Je n'écoutais pas, je regardais les tableaux complètement agacé en surveillant l'heure sur ma montre pour que ça passe plus vite.
J'ai pas envie d'être ici.
Je me dis que si Jimin était là, on aurait trouvé le moyen de s'éclipser pour s'embrasser dans le bus, ou dans une grande salle vide. Rien que d'y penser, ça me fait pétiller, prendre une vie mais de manière fictive.

Enroulant continuellement dans mon dos l'un des prospectus sur la visite en cours, je m'arrêtai dans une salle en lâchant complètement de vue le groupe que je surveillais avec Noona. Je m'attardai devant ce bloc de verre, renfermant un vase chinois gravé et détaillé de manière à ce que la beauté elle-même en soit jalouse. Mon regard s'entremêlait avec la lumière tamisée de cette immense pièce emplie d'œuvres d'art, tournoyant autour de cette porcelaine avant de relever le nez comme un enfant abonné, zieutant autour de moi pour voir où mon groupe était passé.

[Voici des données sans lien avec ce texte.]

lemma beta_sum_terms:
  assumes "k \<in> G" "finite S" "S \<subseteq> {h \<in> G. rr h = dd k}"
  shows "\<beta> k (\<Sum>h\<in>S. \<beta> h (r * u (ginv h))) = (\<Sum>h\<in>S. \<beta> (gmul k h) (r * u (ginv (gmul k h))))"
proof -
  have "\<beta> h (r * u (ginv h)) \<in> E (ginv k)" if "h \<in> S" for h
  proof -
    have "E h = E (ginv k)" using E_r E_inv assms that by auto
    then show ?thesis using beta_term_in_E assms that by auto
  qed
  then have "\<beta> k (\<Sum>h\<in>S. \<beta> h (r * u (ginv h))) = (\<Sum>h\<in>S. \<beta> k (\<beta> h (r * u (ginv h))))"
    by (rule beta_sum[OF assms(1,2)])
  also have "\<dots> = (\<Sum>h\<in>S. \<beta> (gmul k h) (r * u (ginv (gmul k h))))"
  proof (rule sum.cong[OF refl])
    fix h assume "h \<in> S"
    then have "h \<in> G" "dd k = rr h" using assms(3) by auto
    then show "\<beta> k (\<beta> h (r * u (ginv h))) = \<beta> (gmul k h) (r * u (ginv (gmul k h)))"
      by (rule beta_term_comp[OF assms(1)])
  qed
  finally show ?thesis .
qed

definition trace :: "'g set \<Rightarrow> 'r \<Rightarrow> 'r" where
  "trace H r = (\<Sum>h\<in>H. \<beta> h (r * u (ginv h)))"

lemma trace_mult_unit:
  assumes "H \<subseteq> G" "e \<in> G0"
  shows "trace H r * u e = (\<Sum>h\<in>{h \<in> H. rr h = e}. \<beta> h (r * u (ginv h)))"
proof -
  have "finite H" using finite assms(1) finite_subset by blast
  have "trace H r * u e = (\<Sum>h\<in>H. \<beta> h (r * u (ginv h)) * u e)"
    by (simp add: trace_def sum_distrib_right)
  also have "\<dots> = (\<Sum>h\<in>H. if rr h = e then \<beta> h (r * u (ginv h)) else 0)"
    using assms(1) by (intro sum.cong refl mult_unit_gident[OF _ assms(2) beta_term_in_E]) auto
  finally show ?thesis using \<open>finite H\<close> by (simp add: sum.inter_filter)
qed

lemma trace_in_fixed_ring:
  assumes H: "wide_subgroupoid G gmul ginv H"
  shows "trace H r \<in> fixed_ring ginv u \<beta> H"
  unfolding fixed_ring_def
proof (intro CollectI ballI)
  fix k assume k: "k \<in> H"
  have HG: "H \<subseteq> G" using wide_subgroupoid_subset[OF H] .
  have kG: "k \<in> G" using k HG by blast
  have "finite H" using finite HG finite_subset by blast
  have "\<beta> k (trace H r * u (ginv k)) = \<beta> k (\<Sum>h\<in>{h \<in> H. rr h = dd k}. \<beta> h (r * u (ginv h)))"
    using trace_mult_unit[OF HG d_in_gidents[OF kG]] unit_inv[OF kG] by simp
  also have "\<dots> = (\<Sum>h\<in>{h \<in> H. rr h = dd k}. \<beta> (gmul k h) (r * u (ginv (gmul k h))))"
    by (rule beta_sum_terms[OF kG]) (use \<open>finite H\<close> HG in auto)
  also have "\<dots> = (\<Sum>h\<in>{h \<in> H. rr h = rr k}. \<beta> h (r * u (ginv h)))"
    using sum.reindex_bij_betw[OF subgroupoid_left_translation_bij[OF H k],
        of "\<lambda>h. \<beta> h (r * u (ginv h))"] by simp
  also have "\<dots> = trace H r * u k"
    using trace_mult_unit[OF HG r_in_gidents[OF kG]] unit_r[OF kG] by simp
  finally show "\<beta> k (trace H r * u (ginv k)) = trace H r * u k" .
qed

definition galois_coords :: "nat \<Rightarrow> (nat \<Rightarrow> 'r) \<Rightarrow> (nat \<Rightarrow> 'r) \<Rightarrow> bool" where
  "galois_coords m x y \<longleftrightarrow> (\<forall>g\<in>G.
     (\<Sum>i\<in>{1..m}. x i * \<beta> g (y i * u (ginv g))) = (if g \<in> G0 then u g else 0))"

lemma galois_ext_iff: "galois_ext G gmul ginv u \<beta> \<longleftrightarrow> (\<exists>m x y. galois_coords m x y)"
  unfolding galois_ext_def galois_coords_def ..

lemma galois_sum_trace_mult_unit:
  assumes xy: "galois_coords m x y" and H: "wide_subgroupoid G gmul ginv H" and e: "e \<in> G0"
  shows "(\<Sum>i\<in>{1..m}. x i * (trace H (y i) * u e)) = u e"
proof -
  have HG: "H \<subseteq> G" using wide_subgroupoid_subset[OF H] .
  have "finite H" using finite HG finite_subset by blast
  have "(\<Sum>i\<in>{1..m}. x i * (trace H (y i) * u e))
      = (\<Sum>i\<in>{1..m}. \<Sum>h\<in>{h \<in> H. rr h = e}. x i * \<beta> h (y i * u (ginv h)))"
    by (simp add: trace_mult_unit[OF HG e] sum_distrib_left)
  also have "\<dots> = (\<Sum>h\<in>{h \<in> H. rr h = e}. \<Sum>i\<in>{1..m}. x i * \<beta> h (y i * u (ginv h)))"
    by (rule sum.swap)
  also have "\<dots> = (\<Sum>h\<in>{h \<in> H. rr h = e}. if h \<in> G0 then u h else 0)"
    using xy HG unfolding galois_coords_def by (intro sum.cong) auto
  also have "\<dots> = (\<Sum>h\<in>{h \<in> {h \<in> H. rr h = e}. h \<in> G0}. u h)"
    using \<open>finite H\<close> by (intro sum.inter_filter[symmetric]) simp
  also have "{h \<in> {h \<in> H. rr h = e}. h \<in> G0} = {e}"
    using wide_subgroupoid_gidents[OF H] e r_gident by auto
  finally show ?thesis by simp
qed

Ça doit vraiment recommencer ?

Ma mère m'a toujours dit que j'étais tête en l'air. Elle a raison, je suis toujours dans une autre dimension à la recherche de quelque chose de nouveau, d'attrayant, et le pire c'est que je fais ça sans m'en rendre compte.
Aujourd'hui était une sortie presque nationale, toutes les écoles basées sur Séoul et ses différents quartiers étaient de sortie. J'essayai de discerner entre les têtes brunes des visages familiers, avant de retrouver la classe dont j'avais la surveillance et me rapprochai, toujours distrait, d'eux. Je faisais taper la talonnette de ma chaussure, me mordais la langue, tournoyais sur un pied puis me figeai subitement.